Cast: Arjun Kapoor, Kriti Sanon, Sanjay Dutt
Director: Ashutosh Gowariker
At the very outset, I would say that Ashutosh Gowariker’s Panipat has a lot of merit. For starters, it takes care to breakdown and demystify the third battle of Panipat fought by the Marathas and their allies against the Afghan invader Ahmad Shah Abdali. Given the director’s fascination with history and period dramas, Panipat obviously is a continuum of his labour of love. Unfortunately, the simplistic approach, which worked like a charm for his 2008 magnum opus Jodhaa Akbar is no longer sufficient to satisfy the audience. In the recent years it is Sanjay Leela Bhansali style of cinematic extravaganza seen in films like Bajirao Mastani and Padmaavat that have gained currency. To add to this, 2019 also saw well-mounted historical dramas like Kesari, thus obviously raising the bar and audience expectations much higher.
Panipat, a film about Maratha warrior Sadashiv Rao Bhau who staves off Afghan ruler Ahmad Shah Abdali, disappoints only because of a linear screenplay that fails to rouse dramatic emotions so important to historicals. It fails to effectively exploit the creative tropes tht are key to historicals- namely palace intrigue or battlefield treachery. That songs spring up frequently for no particular reason serving no purpose other than slowing down the narrative does not help the film at all.
The film's story is set in times when Mughal empire was in decline and Maratha power was on the rise and as mentioned earlier, the attention to detailing of the factors that led to Abdali’s invasion are praiseworthy. The screenplay reels out these details of alliances on both sides with textbook perfection but fails to whip up emotions.
Panipat could have been a rollercoaster historical-war thriller or even an action film if it kept the spotlight firmly on Abdali and Sadashiv Rao, but it squanders screentime on domesticity instead. When one goes into a film named Panipat, one expects a war film with the romance, if any, in the background. But, here it plays such a significant part that it takes away all the high points achieved in the battle scenes and reduces them to filler-like proportions. The lead up to the battle in the film's second half is particularly engaging but it is too little too late.
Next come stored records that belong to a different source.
(* Let $G$ be a finite metabelian group and $N$ a normal subgroup of $G$. Let $B$ be an abelian subgroup of $N$ of maximal order among abelian subgroups of $N$. Then $G$ contains a normal abelian subgroup $C$ with $C\le\langle B^G\rangle\le N$ and $|C|=|B|$.
   Context: A group is metabelian if its derived subgroup $[G,G]$ is abelian. $\langle B^G\rangle$ denotes the normal closure of $B$ in $G$, i.e. the subgroup generated by all conjugates $g^{-1}Bg$, $g\in G$. *)

theory Defs
  imports "HOL-Algebra.Algebra"
begin

definition metabelian :: "('a, 'b) monoid_scheme \<Rightarrow> bool" where
  "metabelian G \<longleftrightarrow> group G \<and>
     (\<forall>x \<in> derived G (carrier G). \<forall>y \<in> derived G (carrier G). x \<otimes>\<^bsub>G\<^esub> y = y \<otimes>\<^bsub>G\<^esub> x)"

definition normal_closure :: "('a, 'b) monoid_scheme \<Rightarrow> 'a set \<Rightarrow> 'a set" where
  "normal_closure G B =
     generate G (\<Union>g \<in> carrier G. (\<lambda>b. inv\<^bsub>G\<^esub> g \<otimes>\<^bsub>G\<^esub> b \<otimes>\<^bsub>G\<^esub> g) ` B)"

definition abelian_set :: "('a, 'b) monoid_scheme \<Rightarrow> 'a set \<Rightarrow> bool" where
  "abelian_set G H \<longleftrightarrow> (\<forall>x \<in> H. \<forall>y \<in> H. x \<otimes>\<^bsub>G\<^esub> y = y \<otimes>\<^bsub>G\<^esub> x)"

end

theory Submission
  imports Defs
begin

text \<open>Let \<open>D = [B,G]\<close>. It lies in \<open>[G,G]\<close>, so it is abelian, and it lies in the normal closure
  of \<open>B\<close>. For \<open>B \<inter> D \<le> E \<le> D\<close> put \<open>w(E) = |C\<^sub>B(E)| |E|\<close>. The product \<open>C\<^sub>B(E) E\<close> is an
  abelian subgroup of \<open>N\<close> meeting \<open>C\<^sub>B(E)\<close> and \<open>E\<close> in \<open>B \<inter> D\<close>, so maximality of \<open>B\<close> gives
  \<open>w(E) \<le> |B| |B \<inter> D|\<close>. Since \<open>w\<close> is supermodular, the subgroups \<open>E\<close> attaining this bound are
  closed under products. For every \<open>g\<close> the subgroup \<open>D \<inter> \<langle>B, B\<^sup>g\<rangle>\<close> attains it, because
  \<open>B \<inter> B\<^sup>g\<close> centralizes it, and it contains every commutator \<open>[b,g]\<close>. Multiplying these
  subgroups over all \<open>g\<close> shows that \<open>D\<close> itself attains the bound, i.e. \<open>C = C\<^sub>B(D) D\<close> has
  order \<open>|B|\<close>; it is abelian, and normal because \<open>D\<close> is normal and \<open>[B,G] \<le> D\<close>.\<close>

section \<open>Products of subgroups\<close>

context group
begin

lemma mult_inv_cancel_left:
  "x \<in> carrier G \<Longrightarrow> y \<in> carrier G \<Longrightarrow> x \<otimes> (inv x \<otimes> y) = y"
  by (metis inv_closed m_assoc r_inv l_one)

lemma inv_mult_cancel_left:
  "x \<in> carrier G \<Longrightarrow> y \<in> carrier G \<Longrightarrow> inv x \<otimes> (x \<otimes> y) = y"
  by (metis inv_closed m_assoc l_inv l_one)

lemmas group_cancel_simps = m_assoc mult_inv_cancel_left inv_mult_cancel_left inv_mult_group

lemma card_set_mult_fibre:
  assumes H: "subgroup H G" and K: "subgroup K G" and x: "x \<in> H <#> K"
  shows "card {p \<in> H \<times> K. fst p \<otimes> snd p = x} = card (H \<inter> K)"
proof -
  have HG: "H \<subseteq> carrier G" and KG: "K \<subseteq> carrier G"
    using H K subgroup.subset by auto
  obtain h0 k0 where h0: "h0 \<in> H" and k0: "k0 \<in> K" and x_eq: "x = h0 \<otimes> k0"
    using x unfolding set_mult_def by auto
  have "bij_betw (\<lambda>t. (h0 \<otimes> t, inv t \<otimes> k0)) (H \<inter> K) {p \<in> H \<times> K. fst p \<otimes> snd p = x}"
  proof (rule bij_betwI')
    fix s t assume "s \<in> H \<inter> K" "t \<in> H \<inter> K"
    then have "h0 \<in> carrier G" "s \<in> carrier G" "t \<in> carrier G"
      using h0 HG by auto
    then show "((h0 \<otimes> s, inv s \<otimes> k0) = (h0 \<otimes> t, inv t \<otimes> k0)) = (s = t)"
      using l_cancel by blast
  next
    fix t assume t: "t \<in> H \<inter> K"
    then have "h0 \<otimes> t \<in> H" and "inv t \<otimes> k0 \<in> K"
      using h0 k0 H K by (auto intro: subgroup.m_closed subgroup.m_inv_closed)
    moreover have "h0 \<otimes> t \<otimes> (inv t \<otimes> k0) = x"
    proof -
      have "h0 \<in> carrier G" "t \<in> carrier G" "k0 \<in> carrier G"
        using t h0 k0 HG KG by auto
      then show ?thesis
        using x_eq by (simp add: group_cancel_simps)
    qed
    ultimately show "(h0 \<otimes> t, inv t \<otimes> k0) \<in> {p \<in> H \<times> K. fst p \<otimes> snd p = x}"
      by simp
  next
    fix p assume "p \<in> {p \<in> H \<times> K. fst p \<otimes> snd p = x}"
    then obtain h k where p: "p = (h, k)" and h: "h \<in> H" and k: "k \<in> K" and hk: "h \<otimes> k = x"
      by auto
    have hG: "h \<in> carrier G" and kG: "k \<in> carrier G" and h0G: "h0 \<in> carrier G" and k0G: "k0 \<in> carrier G"
      using h k h0 k0 HG KG by auto
    define t where "t = inv h0 \<otimes> h"
    have t_alt: "t = k0 \<otimes> inv k"
    proof -
      have "inv h0 \<otimes> (h0 \<otimes> k0) \<otimes> inv k = inv h0 \<otimes> (h \<otimes> k) \<otimes> inv k"
        using hk x_eq by simp
      then show ?thesis
        unfolding t_def using hG kG h0G k0G by (simp add: group_cancel_simps)
    qed
    have "t \<in> H"
      unfolding t_def using h h0 H by (auto intro: subgroup.m_closed subgroup.m_inv_closed)
    moreover have "t \<in> K"
      unfolding t_alt using k k0 K by (auto intro: subgroup.m_closed subgroup.m_inv_closed)
    moreover have "h0 \<otimes> t = h"
      unfolding t_def using hG h0G by (simp add: group_cancel_simps)
    moreover have "inv t \<otimes> k0 = k"
      unfolding t_alt using kG k0G by (simp add: group_cancel_simps)
    ultimately show "\<exists>t\<in>H \<inter> K. p = (h0 \<otimes> t, inv t \<otimes> k0)"
      using p by blast
  qed
  then show ?thesis
    by (simp add: bij_betw_same_card)
qed

lemma card_set_mult_mult_card_Int:
  assumes H: "subgroup H G" and K: "subgroup K G" and fin: "finite (carrier G)"
  shows "card (H <#> K) * card (H \<inter> K) = card H * card K"
proof -
  define fibre where "fibre x = {p \<in> H \<times> K. fst p \<otimes> snd p = x}" for x
  have HG: "H \<subseteq> carrier G" and KG: "K \<subseteq> carrier G"
    using H K subgroup.subset by auto
  have fin_HK: "finite (H \<times> K)"
    using finite_subset[OF HG fin] finite_subset[OF KG fin] by simp
  have fin_mult: "finite (H <#> K)"
    using finite_subset[OF setmult_subset_G[OF HG KG] fin] .
  have "H \<times> K = (\<Union>x\<in>H <#> K. fibre x)"
  proof
    show "H \<times> K \<subseteq> (\<Union>x\<in>H <#> K. fibre x)"
    proof
      fix p assume p: "p \<in> H \<times> K"
      then have "fst p \<otimes> snd p \<in> H <#> K"
        unfolding set_mult_def by (auto simp: mem_Times_iff)
      with p show "p \<in> (\<Union>x\<in>H <#> K. fibre x)"
        unfolding fibre_def by blast
    qed
  qed (auto simp: fibre_def)
  then have "card H * card K = card (\<Union>x\<in>H <#> K. fibre x)"
    by (metis card_cartesian_product)
  also have "\<dots> = (\<Sum>x\<in>H <#> K. card (fibre x))"
  proof (rule card_UN_disjoint[OF fin_mult])
    show "\<forall>x\<in>H <#> K. finite (fibre x)"
      unfolding fibre_def using fin_HK by simp
    show "\<forall>x\<in>H <#> K. \<forall>y\<in>H <#> K. x \<noteq> y \<longrightarrow> fibre x \<inter> fibre y = {}"
      unfolding fibre_def by blast
  qed
  also have "\<dots> = (\<Sum>x\<in>H <#> K. card (H \<inter> K))"
    unfolding fibre_def using card_set_mult_fibre[OF H K] by simp
  finally show ?thesis
    by simp
qed

lemma subgroup_set_mult_normalizing:
  assumes H: "subgroup H G" and K: "subgroup K G"
    and normalizes: "\<And>h k. h \<in> H \<Longrightarrow> k \<in> K \<Longrightarrow> h \<otimes> k \<otimes> inv h \<in> K"
  shows "subgroup (H <#> K) G"
proof (rule subgroupI)
  have HG: "H \<subseteq> carrier G" and KG: "K \<subseteq> carrier G"
    using H K subgroup.subset by auto
  show "H <#> K \<subseteq> carrier G"
    by (rule setmult_subset_G[OF HG KG])
  have "\<one> \<otimes> \<one> \<in> H <#> K"
    unfolding set_mult_def using subgroup.one_closed[OF H] subgroup.one_closed[OF K] by blast
  then show "H <#> K \<noteq> {}"
    by blast
next
  fix x assume "x \<in> H <#> K"
  then obtain h k where h: "h \<in> H" and k: "k \<in> K" and x: "x = h \<otimes> k"
    unfolding set_mult_def by auto
  have "h \<in> carrier G" "k \<in> carrier G"
    using h k subgroup.subset[OF H] subgroup.subset[OF K] by auto
  then have "inv x = inv h \<otimes> (h \<otimes> inv k \<otimes> inv h)"
    using x by (simp add: group_cancel_simps)
  moreover have "inv h \<in> H" and "h \<otimes> inv k \<otimes> inv h \<in> K"
    using h k H K by (auto intro!: normalizes subgroup.m_inv_closed)
  ultimately show "inv x \<in> H <#> K"
    unfolding set_mult_def by blast
next
  fix x y assume "x \<in> H <#> K" "y \<in> H <#> K"
  then obtain h k h' k' where h: "h \<in> H" and k: "k \<in> K" and x: "x = h \<otimes> k"
    and h': "h' \<in> H" and k': "k' \<in> K" and y: "y = h' \<otimes> k'"
    unfolding set_mult_def by auto
  have "h \<in> carrier G" "k \<in> carrier G" "h' \<in> carrier G" "k' \<in> carrier G"
    using h k h' k' subgroup.subset[OF H] subgroup.subset[OF K] by auto
  then have "x \<otimes> y = (h \<otimes> h') \<otimes> ((inv h' \<otimes> k \<otimes> inv (inv h')) \<otimes> k')"
    using x y by (simp add: group_cancel_simps)
  moreover have "h \<otimes> h' \<in> H"
    using h h' by (rule subgroup.m_closed[OF H])
  moreover have "(inv h' \<otimes> k \<otimes> inv (inv h')) \<otimes> k' \<in> K"
    using h' k k' by (intro subgroup.m_closed[OF K] normalizes subgroup.m_inv_closed[OF H])
  ultimately show "x \<otimes> y \<in> H <#> K"
    unfolding set_mult_def by blast
qed

lemma subgroup_set_mult_commuting:
  assumes H: "subgroup H G" and K: "subgroup K G"
    and commute: "\<And>h k. h \<in> H \<Longrightarrow> k \<in> K \<Longrightarrow> h \<otimes> k = k \<otimes> h"
  shows "subgroup (H <#> K) G"
proof (rule subgroup_set_mult_normalizing[OF H K])
  fix h k assume h: "h \<in> H" and k: "k \<in> K"
  then have "h \<in> carrier G" "k \<in> carrier G"
    using subgroup.subset[OF H] subgroup.subset[OF K] by auto
  then have "h \<otimes> k \<otimes> inv h = k"
    using commute[OF h k] by (simp add: group_cancel_simps)
  then show "h \<otimes> k \<otimes> inv h \<in> K"
    using k by simp
qed

lemma set_mult_subset_subgroup:
  assumes "subgroup S G" and "H \<subseteq> S" and "K \<subseteq> S"
  shows "H <#> K \<subseteq> S"
  using assms subgroup.m_closed unfolding set_mult_def by fastforce

lemma subset_set_mult_left:
  assumes "H \<subseteq> carrier G" and "subgroup K G"
  shows "H \<subseteq> H <#> K"
proof
  fix h assume "h \<in> H"
  moreover have "h = h \<otimes> \<one>"
    using \<open>h \<in> H\<close> assms(1) by auto
  ultimately show "h \<in> H <#> K"
    unfolding set_mult_def using subgroup.one_closed[OF assms(2)] by blast
qed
The cast has a good ensemble of actors including Sanjay Dutt Mohnish Bahl, Padmini Kolhapure, Zeenat Aman, Suhasini Mulay and Kunal Kapoor playing key characters. They certainly evoke curiosity, but the one who remains most watchable of all, was undoubtedly Sanjay Dutt as Abdali. Actors often complain that in costume dramas, costumes often wear them, but with Dutt as the swashbuckling Afghan, it’s the other way around. His imposing presence looms large over the film and courtesy his impeccable villainous actions, Dutt makes quite an impression.
However, the lion’s share of attention is reserved for Arjun Kapoor as Sadashiv Rao and Kriti Sanon as Parvati Bai. The young stars despite their sincere performances fall short of expectations. Unlike his contemporary Ranveer Singh, Arjun Kapoor, the protagonist-in-chief seems out of place in this period drama. Sanon is fiesty but hamstrung by a significant but underwritten part.
Towards the end of the film it is evident that Panipat, despite attempts to be an epic saga, loses the battle.